======== PROVIDED MATERIAL

(* Let $c = \frac{4}{9-\sqrt5}\approx 0.5914$. There exists a deterministic online algorithm for fractional matchings in the adversarial edge arrival model which, on every instance whose underlying graph has maximum degree at most three, achieves guarantee $c$: at every timepoint $t$, the fractional matching $y$ maintained by the algorithm satisfies $\sum_{e\in E_t} y_e \ge c\cdot \nu(G_t)$, where $G_t=(V,E_t)$ is the graph of edges arrived up to time $t$ and $\nu(G_t)$ is the maximum cardinality of a matching in $G_t$. (This holds for general, not necessarily bipartite, graphs.)
   Context: Adversarial edge arrival model for fractional matchings: edges of a graph arrive one at a time in an order chosen by an adversary. When an edge $e$ arrives, the algorithm must immediately and irrevocably assign a value $y_e\ge 0$ such that at every timepoint, for every vertex $w$, $\sum_{f\in\delta(w)} y_f\le 1$ (sum over arrived edges incident to $w$). An algorithm achieves guarantee $\gamma$ on a class of instances if at every timepoint of every instance in the class, $\sum_e y_e \ge \gamma\cdot\nu(G_t)$, with $\nu(G_t)$ the maximum matching cardinality of the currently arrived graph. "Maximum degree at most three" means the final (hence every intermediate) arrived graph has all vertex degrees at most $3$. *)

theory Defs
  imports Complex_Main
begin

definition is_edge :: "'v set \<Rightarrow> bool" where
  "is_edge e \<longleftrightarrow> (\<exists>u v. u \<noteq> v \<and> e = {u, v})"

definition is_matching :: "'v set set \<Rightarrow> bool" where
  "is_matching M \<longleftrightarrow> (\<forall>e\<in>M. \<forall>f\<in>M. e \<noteq> f \<longrightarrow> e \<inter> f = {})"

definition nu :: "'v set set \<Rightarrow> nat" where
  "nu E = Max {card M | M. M \<subseteq> E \<and> is_matching M}"
(* Let $f\in\mathbb{C}[z_1,\dots,z_n]$ be homogeneous. Then $\mathcal{I}(f)$ is a closed cone (i.e. closed, and $\lambda\mathbf y\in\mathcal I(f)$ for all $\mathbf y\in\mathcal I(f)$, $\lambda\ge 0$), in general non-convex. Every connected component of $\mathbb{R}^n\setminus\mathcal{I}(f)$ is a hyperbolicity cone of $f$, and the components occur in pairs: if $C$ is a component then so is $-C$. In particular, $\mathbb{R}^n\setminus\mathcal{I}(f)$ has no bounded connected components.
   Context: For $f\in\mathbb{C}[z_1,\dots,z_n]$, $\mathcal{V}(f)\subseteq\mathbb{C}^n$ denotes its complex zero set and the imaginary projection of $f$ is $\mathcal{I}(f)=\{\Im(\mathbf z):\mathbf z\in\mathcal V(f)\}\subseteq\mathbb{R}^n$, where $\Im$ is taken componentwise. A homogeneous polynomial $f\in\mathbb{C}[z_1,\dots,z_n]$ is hyperbolic in direction $\mathbf e\in\mathbb{R}^n$ if $f(\mathbf e)\neq 0$ and for every $\mathbf x\in\mathbb{R}^n$ the univariate polynomial $t\mapsto f(\mathbf x+t\mathbf e)$ has only real roots. In that case the hyperbolicity cone of $f$ with respect to $\mathbf e$ is $C(\mathbf e)=\{\mathbf x\in\mathbb{R}^n: f(\mathbf x+t\mathbf e)=0\Rightarrow t<0\}$. The hyperbolicity cones of $f$ are the sets $C(\mathbf e)$ for all directions $\mathbf e$ in which $f$ is hyperbolic. *)

theory Defs
  imports "HOL-Analysis.Analysis"
begin

text \<open>A polynomial in \<open>\<complex>[z_i : i \<in> 'n]\<close> is represented by its coefficient function
  on exponent vectors \<open>'n \<Rightarrow> nat\<close>; it must have finite support.\<close>

type_synonym 'n cpoly = "('n \<Rightarrow> nat) \<Rightarrow> complex"

definition is_mpoly :: "('n::finite) cpoly \<Rightarrow> bool" where
  "is_mpoly c \<longleftrightarrow> finite {\<alpha>. c \<alpha> \<noteq> 0}"
lemma sum_cos_beta_numerator:
  fixes N a b :: nat
  assumes "1 \<le> a" "a < N" "1 \<le> b" "b < N"
  defines "ta \<equiv> real a * pi / real N" and "tb \<equiv> real b * pi / real N"
  shows "(\<Sum>k<N. (cos (real k * tb) - (1 - (-1) ^ (N + k)) / 2 * C - (1 + (-1) ^ (N + k)) / 2 * E)
            * cos (real k * ta))
       = (if a = b then real N / 2 else 0) + (if even (a + b) then 0 else 1)
         - (C + E) / 2 * (if even a then 0 else 1) + (-1) ^ N * (C - E) / 2 * (if even (a + N) then 0 else 1)"
proof -
  have summand: "(cos (real k * tb) - (1 - (-1) ^ (N + k)) / 2 * C - (1 + (-1) ^ (N + k)) / 2 * E)
        * cos (real k * ta)
      = cos (real k * ta) * cos (real k * tb) - (C + E) / 2 * cos (real k * ta)
        + (-1) ^ N * (C - E) / 2 * ((-1) ^ k * cos (real k * ta))" for k
    by (simp add: power_add algebra_simps diff_divide_distrib add_divide_distrib)
  have sum_cos: "(\<Sum>k<N. cos (real k * ta)) = (if even a then 0 else 1)"
    using assms unfolding ta_def by (intro sum_cos_multiple_pi_div) auto
  show ?thesis
    unfolding summand sum.distrib sum_subtractf sum_distrib_left[symmetric] sum_cos
      sum_cos_mult_cos_multiple_pi_div[OF assms(1-4), folded ta_def tb_def]
      sum_alternating_cos_multiple_pi_div[OF assms(1,2), folded ta_def] ..
qed

lemma arccos_cgl_node:
  assumes "0 < N" "i \<le> N"
  shows "arccos (cgl_node N i) = real (N - i) * pi / real N"
proof -
  have "0 \<le> real i * pi / real N" "real i * pi / real N \<le> pi"
    using assms by (auto simp: field_simps)
  then have "arccos (cgl_node N i) = pi - real i * pi / real N"
    by (simp add: cgl_node_def arccos_minus arccos_cos)
  also have "\<dots> = real (N - i) * pi / real N"
    using assms by (simp add: field_simps)
  finally show ?thesis .
qed

lemma cheb_cgl_node:
  assumes "0 < N" "i \<le> N"
  shows "cheb k (cgl_node N i) = cos (real k * (real (N - i) * pi / real N))"
  by (simp add: cheb_def arccos_cgl_node[OF assms])

lemma cgl_node_in_interval: "cgl_node N i \<in> {-1..1}"
  by (simp add: cgl_node_def)

lemma inj_on_cgl_node:
  assumes "0 < N"
  shows "inj_on (cgl_node N) {..N}"
proof
  fix i j assume ij: "i \<in> {..N}" "j \<in> {..N}" "cgl_node N i = cgl_node N j"
  then have "real (N - i) * pi / real N = real (N - j) * pi / real N"
    using assms by (metis arccos_cgl_node atMost_iff)
  with assms ij(1,2) show "i = j" by simp
qed

lemma sum_cheb_c_weights:
  fixes g :: "nat \<Rightarrow> real"
  assumes "2 \<le> N" "g (N - 1) = 0"
  shows "(\<Sum>k=0..N-2. 2 / (cheb_c k * real N) * g k) = 2 / real N * (\<Sum>k<N. g k) - g 0 / real N"
proof -
  have "{..<N} = insert (N - 1) {0..N-2}"
    using assms(1) by auto
  then have "(\<Sum>k<N. g k) = (\<Sum>k=0..N-2. g k)"
    using assms by simp
  moreover have "(\<Sum>k=0..N-2. 2 / (cheb_c k * real N) * g k)
      = (\<Sum>k=0..N-2. 2 / real N * g k - (if k = 0 then g 0 / real N else 0))"
    by (rule sum.cong) (auto simp: cheb_c_def)
  ultimately show ?thesis
    by (simp add: sum_subtractf sum_distrib_left)
qed

lemma beta_coef_cheb_cgl_node:
  assumes "2 \<le> N" "1 \<le> i" "i \<le> N - 1" "1 \<le> j" "j \<le> N - 1"
  shows "(\<Sum>k=0..N-2. beta_coef N k j * cheb k (cgl_node N i)) = (if i = j then 1 else 0)"
proof -
  define a b where "a = N - i" and "b = N - j"
  define ta tb where "ta = real a * pi / real N" and "tb = real b * pi / real N"
  define C E where "C = cos (real (N - 1) * tb)" and "E = cos (real N * tb)"
  define g where "g k = (cos (real k * tb) - (1 - (-1) ^ (N + k)) / 2 * C - (1 + (-1) ^ (N + k)) / 2 * E)
      * cos (real k * ta)" for k
  have ab: "1 \<le> a" "a < N" "1 \<le> b" "b < N"
    using assms by (auto simp: a_def b_def)
  have summand: "beta_coef N k j * cheb k (cgl_node N i) = 2 / (cheb_c k * real N) * g k" for k
    using assms unfolding beta_coef_def g_def C_def E_def ta_def tb_def a_def b_def
    by (simp add: cheb_cgl_node)
  have "odd (N + (N - 1))"
    using assms(1) by simp
  then have "g (N - 1) = 0"
    by (simp add: g_def C_def)
  then have "(\<Sum>k=0..N-2. beta_coef N k j * cheb k (cgl_node N i))
      = 2 / real N * (\<Sum>k<N. g k) - g 0 / real N"
    unfolding summand by (rule sum_cheb_c_weights[OF assms(1)])
  also have "\<dots> = (if a = b then 1 else 0)"
  proof -
    have "real N * tb = real b * pi" using assms(1) by (simp add: tb_def)
    then have "E = (-1) ^ b" by (simp add: E_def)
    then show ?thesis
      using assms(1) unfolding g_def sum_cos_beta_numerator[OF ab, folded ta_def tb_def]
      by (cases "a = b"; cases "even a"; cases "even b"; cases "even N") (simp_all add: field_simps)
  qed
  also have "(a = b) = (i = j)"
    using assms by (auto simp: a_def b_def)
  finally show ?thesis .
qed

fun cheb_poly :: "nat \<Rightarrow> real poly" where
  "cheb_poly 0 = 1"
| "cheb_poly (Suc 0) = [:0, 1:]"
| "cheb_poly (Suc (Suc n)) = [:0, 2:] * cheb_poly (Suc n) - cheb_poly n"

lemma poly_cheb_poly_cos: "poly (cheb_poly n) (cos t) = cos (real n * t)"
proof (induction n rule: cheb_poly.induct)
  case (3 n)
  have "cos (real (Suc (Suc n)) * t) = cos (real (Suc n) * t + t)"
    "cos (real n * t) = cos (real (Suc n) * t - t)"
    by (simp_all add: algebra_simps)
  then show ?case
    using "3" by (simp add: cos_add cos_diff)
qed simp_all

lemma degree_cheb_poly: "degree (cheb_poly n) \<le> n"
proof (induction n rule: cheb_poly.induct)
  case (3 n)
  have "degree ([:0, 2:] * cheb_poly (Suc n)) \<le> Suc (Suc n)"
    using degree_mult_le[of "[:0, 2:]" "cheb_poly (Suc n)"] "3" by simp
  with "3" show ?case by (simp add: degree_diff_le)
qed simp_all

lemma cheb_eq_poly_cheb_poly: "x \<in> {-1..1} \<Longrightarrow> cheb k x = poly (cheb_poly k) x"
  using poly_cheb_poly_cos[of k "arccos x"] by (simp add: cheb_def cos_arccos)

lemma pderiv_sum: "pderiv (sum f A) = (\<Sum>x\<in>A. pderiv (f x))"
  using higher_pderiv_sum[of 1 f A] by simp

definition poly_antideriv :: "'a::field_char_0 poly \<Rightarrow> 'a poly" where
  "poly_antideriv p = (\<Sum>i\<le>degree p. monom (coeff p i / of_nat (Suc i)) (Suc i))"

lemma pderiv_poly_antideriv: "pderiv (poly_antideriv p) = p"
proof -
  have "pderiv (poly_antideriv p) = (\<Sum>i\<le>degree p. monom (coeff p i) i)"
    by (simp add: poly_antideriv_def pderiv_sum pderiv_monom del: of_nat_Suc)
  also have "\<dots> = p"
    by (rule poly_as_sum_of_monoms)
  finally show ?thesis .
qed

definition poly_integral :: "'a::field_char_0 \<Rightarrow> 'a poly \<Rightarrow> 'a poly" where
  "poly_integral a p = poly_antideriv p - [:poly (poly_antideriv p) a:]"

lemma pderiv_poly_integral [simp]: "pderiv (poly_integral a p) = p"
  by (simp add: poly_integral_def pderiv_diff pderiv_poly_antideriv)

lemma poly_poly_integral_base [simp]: "poly (poly_integral a p) a = 0"
  by (simp add: poly_integral_def)

lemma integral_poly:
  fixes a x :: real
  assumes "a \<le> x"
  shows "integral {a..x} (poly p) = poly (poly_integral a p) x"
proof -
  have "(poly p has_integral poly (poly_integral a p) x - poly (poly_integral a p) a) {a..x}"
  proof (rule fundamental_theorem_of_calculus[OF assms])
    fix t
    have "(poly (poly_integral a p) has_real_derivative poly p t) (at t)"
      using poly_DERIV[of "poly_integral a p" t] by simp
    then show "(poly (poly_integral a p) has_vector_derivative poly p t) (at t within {a..x})"
      by (simp add: has_real_derivative_iff_has_vector_derivative has_vector_derivative_at_within)
  qed
  then show ?thesis
    by (simp add: integral_unique)
qed

lemma pderiv2_eq_imp_eq:
  fixes p q :: "'a::field_char_0 poly"
  assumes "pderiv (pderiv p) = pderiv (pderiv q)" "poly p a = poly q a" "poly p b = poly q b" "a \<noteq> b"
  shows "p = q"
proof -
  have "pderiv (pderiv (p - q)) = 0"
    using assms(1) by (simp add: pderiv_diff)
  then obtain h where "pderiv (p - q) = [:h:]"
    using pderiv_iszero by blast
  then have "degree (p - q) \<le> 1"
    using degree_pderiv[of "p - q"] by simp
  then have "p - q = 0"
    using assms(2-4) by (intro poly_eqI_degree[of "{a, b}"]) auto
  then show ?thesis by simp
qed

lemma cheb_int1_eq_poly:
  "x \<in> {-1..1} \<Longrightarrow> cheb_int1 k x = poly (poly_integral (-1) (cheb_poly k)) x"
  unfolding cheb_int1_def
  by (subst integral_cong[of _ _ "poly (cheb_poly k)"]) (auto simp: cheb_eq_poly_cheb_poly integral_poly)

lemma cheb_int2_eq_poly:
  "x \<in> {-1..1} \<Longrightarrow> cheb_int2 k x = poly (poly_integral (-1) (poly_integral (-1) (cheb_poly k))) x"
  unfolding cheb_int2_def
  by (subst integral_cong[of _ _ "poly (poly_integral (-1) (cheb_poly k))"])
    (auto simp: cheb_int1_eq_poly integral_poly)

lemma pderiv2_eq_cheb_sum:
  fixes B :: "real poly"
  assumes "2 \<le> N" "1 \<le> j" "j \<le> N - 1" "degree B \<le> N"
    and "\<And>i. 1 \<le> i \<Longrightarrow> i \<le> N - 1 \<Longrightarrow>
           poly (pderiv (pderiv B)) (cgl_node N i) = (if i = j then 1 else 0)"
  shows "pderiv (pderiv B) = (\<Sum>k=0..N-2. smult (beta_coef N k j) (cheb_poly k))"
proof (rule poly_eqI_degree[of "cgl_node N ` {1..N-1}"])
  show "poly (pderiv (pderiv B)) x = poly (\<Sum>k=0..N-2. smult (beta_coef N k j) (cheb_poly k)) x"
    if "x \<in> cgl_node N ` {1..N-1}" for x
    using that assms cgl_node_in_interval
    by (auto simp: poly_sum cheb_eq_poly_cheb_poly[symmetric] beta_coef_cheb_cgl_node mult.commute)
  have "card (cgl_node N ` {1..N-1}) = N - 1"
    using assms(1) by (subst card_image[OF inj_on_subset[OF inj_on_cgl_node]]) auto
  moreover have "degree (pderiv (pderiv B)) \<le> N - 2"
    using assms(4) by (simp add: degree_pderiv)
  moreover have "degree (\<Sum>k=0..N-2. smult (beta_coef N k j) (cheb_poly k)) \<le> N - 2"
    by (intro degree_sum_le) (auto intro: order.trans[OF degree_smult_le] order.trans[OF degree_cheb_poly])
  ultimately show "degree (pderiv (pderiv B)) < card (cgl_node N ` {1..N-1})"
    "degree (\<Sum>k=0..N-2. smult (beta_coef N k j) (cheb_poly k)) < card (cgl_node N ` {1..N-1})"
    using assms(1) by linarith+
qed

================

■ WORK TO COMPLETE ■
Go through the records above and return every line that holds the string "imports".

■ EXERCISE OUTPUT ■
  imports Complex_Main
  imports "HOL-Analysis.Analysis"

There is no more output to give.